The 'Right' View by Francis P. Sempa
The Ukraine Lobby Appeals to Our Hearts, Not Our Interests
Earlier in the Russia-Ukraine War, U.S. politicians and observers who sought to convince the American people that we should make Ukraine our proxy against Russia portrayed the conflict as necessary to stop Vladimir Putin’s armies from overrunning Western Europe. After Ukraine, we were told, the Baltic states or Poland would be next. Then other NATO countries would fall. And soon, Russian tanks would be staring across the English Channel reminiscent of the Nazi blitzkrieg of 1940. In this scenario, Putin was Hitler, Zelensky was Churchill. It was, we were told, a Munich moment.

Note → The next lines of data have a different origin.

lemma length_h_vtm:
  assumes "length (h 0) + length (h 2) = 2 * length (h 1)"
  shows "int (length (h (vtm k))) =
    int (length (h 1)) + prefix_offset h (gomega (Suc k)) - prefix_offset h (gomega k)"
  using gomega_Suc_in_12_iff[of k] gomega_le_3[of k] assms
  by (auto simp: vtm_def tau_def prefix_offset_def le_Suc_eq)

lemma abs_prefix_offset_le:
  assumes "length (h 0) + length (h 2) = 2 * length (h 1)"
  shows "\<bar>prefix_offset h a\<bar> \<le> int (length (h 1))"
  using assms by (auto simp: prefix_offset_def abs_le_iff)

lemma morph_image_h_vtm:
  assumes "length (h 0) + length (h 2) = 2 * length (h 1)" and "r < length (h 1)"
  shows "morph_image h vtm (n * length (h 1) + r) =
    (h (vtm (n - 1)) @ h (vtm n) @ h (vtm (Suc n))) !
      nat (int r - prefix_offset h (gomega n) + int (length (h (vtm (n - 1)))))"
  using assms(2) length_h_vtm[OF assms(1)] abs_prefix_offset_le[OF assms(1)]
  by (intro morph_image_block) (simp_all add: gomega_0 prefix_offset_def)

theorem theorem3:
  fixes \<Delta> :: "'d set" and h :: "nat \<Rightarrow> 'd list"
  assumes "finite \<Delta>"
    and "\<forall>a\<in>{0,1,2::nat}. set (h a) \<subseteq> \<Delta>"
    and "h 0 \<noteq> [] \<or> h 1 \<noteq> [] \<or> h 2 \<noteq> []"
    and "length (h 0) + length (h 2) = 2 * length (h 1)"
  shows "two_automatic (morph_image h vtm)"
proof -
  \<comment> \<open>The output alphabet in \<open>two_automatic\<close> is the type \<open>'d\<close>.\<close>
  define L where "L = length (h 1)"
  have "0 < L"
    using assms(3,4) unfolding L_def by auto
  define out where "out = (\<lambda>((p, u, v, _ :: bool), r).
    (h (tau p) @ h (tau u) @ h (tau v)) ! nat (int r - prefix_offset h u + int (length (h (tau p)))))"
  have "morph_image h vtm = (\<lambda>m. out (window gomega (m div L), m mod L))"
  proof
    fix m
    show "morph_image h vtm m = out (window gomega (m div L), m mod L)"
      using morph_image_h_vtm[OF assms(4), of "m mod L" "m div L"] \<open>0 < L\<close>
      by (simp add: out_def window_def vtm_def L_def)
  qed
  moreover have "two_automatic (\<lambda>m. out (window gomega (m div L), m mod L))"
    using two_automatic_if_two_recursive[of "\<lambda>m. (window gomega (m div L), m mod L)" out]
    by (simp add: finite_range_div_mod finite_range_window finite_range_gomega
        two_recursive_div_mod two_recursive_window two_recursive_gomega \<open>0 < L\<close>)
  ultimately show ?thesis
    by simp
qed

Three years later, the war in Ukraine resembles not World War II’s blitzkrieg so much as the western front of the First World War—a grinding, pounding war of attrition that has cost countless Ukrainian and Russian lives. Russia has captured some eastern provinces of Ukraine (they captured Crimea in 2014) but they are not poised to overrun western Europe (nor is there any evidence that Putin seeks to do that). The Munich analogy was always a stretch, but you don’t read or hear much about that anymore. The pro-Ukraine lobby has shifted from appealing to our supposed strategic interests to appealing to our hearts.